== RECORD EXTRACTS ==

(* Let $n\ge1$ and let $f\in\mathcal{G}_1$ be $n$-ary, $f=2x_1\cdots x_n\left(\sum_{i=1}^n a_ix_i^2+\sum_{i=1}^n b_ix_i+c\right)$, with $a_i\neq 0$ for some $i$. Then $2w_n\in C(f)$ or $2q_n\in C(f)$, where $w_n=x_1\cdots x_n(x_1^2+1)$ and $q_n=x_1^3x_2\cdots x_n$.
   Context: All operations are on $\mathbb{Z}_8$. $\mathcal{G}_1$ is the set of all operations (of any arity $n\ge1$) of the form $2x_1\cdots x_n\left(\sum_{i=1}^n a_ix_i^2+\sum_{i=1}^n b_ix_i+c\right)$ with $a_i,b_i\in\{0,1\}$ and $c\in\{0,1,2,3\}$. For an operation $f$, $C(f)$ denotes the clone generated by $f$ together with binary addition and all unary constant operations. *)

theory Defs
  imports Main "HOL-Library.Numeral_Type"
begin

text \<open>Operations on Z_8 (the type 8 from Numeral_Type).  An n-ary operation is
represented as a pair (n, f) with f :: (nat => 8) => 8, where only the arguments
x 0, ..., x (n-1) are meant to matter.\<close>

type_synonym op8 = "nat \<times> ((nat \<Rightarrow> 8) \<Rightarrow> 8)"

inductive_set clone_gen :: "op8 set \<Rightarrow> op8 set" for F :: "op8 set" where
  proj: "i < n \<Longrightarrow> (n, \<lambda>x. x i) \<in> clone_gen F"
| gen: "p \<in> F \<Longrightarrow> p \<in> clone_gen F"
| comp: "(m, g) \<in> clone_gen F \<Longrightarrow> (\<forall>j<m. (n, hs j) \<in> clone_gen F)
          \<Longrightarrow> (n, \<lambda>x. g (\<lambda>j. hs j x)) \<in> clone_gen F"

definition C :: "op8 \<Rightarrow> op8 set" where
  "C f = clone_gen ({f, (2, \<lambda>x. x 0 + x 1)} \<union> {(1, \<lambda>x. c) | c. True})"

text \<open>Members of G_1 (indices 0-based).\<close>

definition G1_op :: "nat \<Rightarrow> (nat \<Rightarrow> 8) \<Rightarrow> (nat \<Rightarrow> 8) \<Rightarrow> 8 \<Rightarrow> op8" where
  "G1_op n a b c = (n, \<lambda>x. 2 * (\<Prod>i<n. x i) *
       ((\<Sum>i<n. a i * (x i)^2) + (\<Sum>i<n. b i * x i) + c))"

definition w_op :: "nat \<Rightarrow> (nat \<Rightarrow> 8) \<Rightarrow> 8" where
  "w_op n x = (\<Prod>i<n. x i) * ((x 0)^2 + 1)"

definition q_op :: "nat \<Rightarrow> (nat \<Rightarrow> 8) \<Rightarrow> 8" where
  "q_op n x = (x 0)^3 * (\<Prod>i\<in>{1..<n}. x i)"

end

theory Submission
  imports Defs "HOL-Combinatorics.Transposition"
begin

text \<open>Write \<open>P = x\<^sub>1\<cdots>x\<^sub>n\<close>. As a function of a single variable \<open>x\<^sub>j\<close>, \<open>f\<close> has the form
\<open>2 x\<^sub>j R (a\<^sub>j x\<^sub>j\<^sup>2 + b\<^sub>j x\<^sub>j + T)\<close> with \<open>R\<close>, \<open>T\<close> independent of \<open>x\<^sub>j\<close>, so the polarisation
\<open>f(x\<^sub>j := x\<^sub>j + h) - f(x\<^sub>j := h) - f\<close> cancels \<open>T\<close> and leaves \<open>2P (a\<^sub>j (3 x\<^sub>j h + 3 h\<^sup>2) + 2 b\<^sub>j h)\<close>.
With \<open>a\<^sub>i = 1\<close> and \<open>h = 1\<close> this gives \<open>2P (3 x\<^sub>i + 3 + 2 b\<^sub>i)\<close>, and polarising that once more
gives \<open>12P = 4P\<close>. If some other \<open>a\<^sub>j = 1\<close>, the polarisations at \<open>x\<^sub>i\<close> and \<open>x\<^sub>j\<close> with \<open>h = 1\<close> and at
\<open>x\<^sub>j\<close> with \<open>h = x\<^sub>i\<close> add up to \<open>2P (x\<^sub>i\<^sup>2 + 1 + 2 b\<^sub>i)\<close>; otherwise subtracting multiples of
\<open>2P (3 x\<^sub>l + 3 + 2 b\<^sub>i)\<close> (a permuted copy of the first polarisation) removes the linear terms
of \<open>f\<close>. Either way \<open>2P (x\<^sub>i\<^sup>2 + t)\<close> lies in the clone; moving \<open>x\<^sub>i\<close> to the first position and
subtracting a multiple of \<open>4P\<close> makes \<open>t\<close> equal to \<open>0\<close> or \<open>1\<close>, which gives \<open>2q\<^sub>n\<close> or \<open>2w\<^sub>n\<close>.
Of the restrictions on the coefficients only \<open>a\<^sub>i \<in> {0, 1}\<close> is needed.\<close>

lemma Z8_cases: "(x::8) = 0 \<or> x = 1 \<or> x = 2 \<or> x = 3 \<or> x = 4 \<or> x = 5 \<or> x = 6 \<or> x = 7"
proof (induct x)
  case (of_int z)
  then have "z = 0 \<or> z = 1 \<or> z = 2 \<or> z = 3 \<or> z = 4 \<or> z = 5 \<or> z = 6 \<or> z = 7"
    by auto
  then show ?case by auto
qed

lemma Z8_of_nat_surj: "\<exists>m. (k::8) = of_nat m"
proof (induct k)
  case (of_int z)
  then show ?case by (metis of_nat_nat)
qed

text \<open>\<open>simp\<close> decides equations between numerals of type \<open>8\<close>, but does not reduce a numeral
  occurring inside a larger term; these two facts are used as explicit rewrite rules.\<close>

lemma Z8_twelve_eq_four: "(12::8) = 4"
  by simp

lemma Z8_sixteen_eq_zero: "(16::8) = 0"
  by simp

lemma Z8_two_quadratic_vars_identity:
  "2*x*y*((3*x + 3) + (3*y + 3 + 2*b) + (3*y*x + 3*x^2 + 2*b*x)) = 2*x*y*(x^2 + (1::8))"
  using Z8_cases[of x] Z8_cases[of y] Z8_cases[of b] by auto

lemma C_self: "f \<in> C f"
  unfolding C_def by (rule clone_gen.gen) simp

lemma C_proj: "i < n \<Longrightarrow> (n, \<lambda>x. x i) \<in> C f"
  unfolding C_def by (rule clone_gen.proj)

lemma C_comp:
  "(m, g) \<in> C f \<Longrightarrow> (\<And>j. j < m \<Longrightarrow> (n, hs j) \<in> C f) \<Longrightarrow> (n, \<lambda>x. g (\<lambda>j. hs j x)) \<in> C f"
  unfolding C_def by (rule clone_gen.comp) auto

lemma C_fun_upd:
  assumes "(n, F) \<in> C f" "i < n" "(n, h) \<in> C f"
  shows "(n, \<lambda>x. F (x(i := h x))) \<in> C f"
proof -
  have "(n, \<lambda>x. F (\<lambda>j. (x(i := h x)) j)) \<in> C f"
  proof (rule C_comp[OF assms(1)])
    fix j assume "j < n"
    then show "(n, \<lambda>x. (x(i := h x)) j) \<in> C f"
      using assms(3) by (cases "j = i") (auto intro: C_proj)
  qed
  then show ?thesis by (simp add: fun_upd_def)
qed

lemma C_reindex:
  assumes "(n, F) \<in> C f" "\<And>l. l < n \<Longrightarrow> \<sigma> l < n"
  shows "(n, \<lambda>x. F (x \<circ> \<sigma>)) \<in> C f"
  using C_comp[OF assms(1), of n "\<lambda>l x. x (\<sigma> l)"] assms(2) by (simp add: C_proj comp_def)

lemma C_cong: "(n, F) \<in> C f \<Longrightarrow> (\<And>x. F x = H x) \<Longrightarrow> (n, H) \<in> C f"
  by (metis ext)

lemma C_add:
  assumes "(n, F) \<in> C f" "(n, H) \<in> C f"
  shows "(n, \<lambda>x. F x + H x) \<in> C f"
proof -
  have plus: "(2, \<lambda>x. x 0 + x 1) \<in> C f"
    unfolding C_def by (rule clone_gen.gen) simp
  have "(n, \<lambda>x. (\<lambda>y. y 0 + y 1) (\<lambda>j::nat. (if j = 0 then F else H) x)) \<in> C f"
    using assms by (intro C_comp[OF plus]) (auto simp: less_2_cases_iff)
  then show ?thesis by simp
qed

===

[ASSIGNED TASK]
Please, from the entries above, set down exactly the lines from the one containing "x 0, ..., x (n-1)" through the one containing "set \<Rightarrow> op8", and only those.

[ANSWER]
x 0, ..., x (n-1) are meant to matter.\<close>

type_synonym op8 = "nat \<times> ((nat \<Rightarrow> 8) \<Rightarrow> 8)"

inductive_set clone_gen :: "op8 set \<Rightarrow> op8 set" for F :: "op8 set" where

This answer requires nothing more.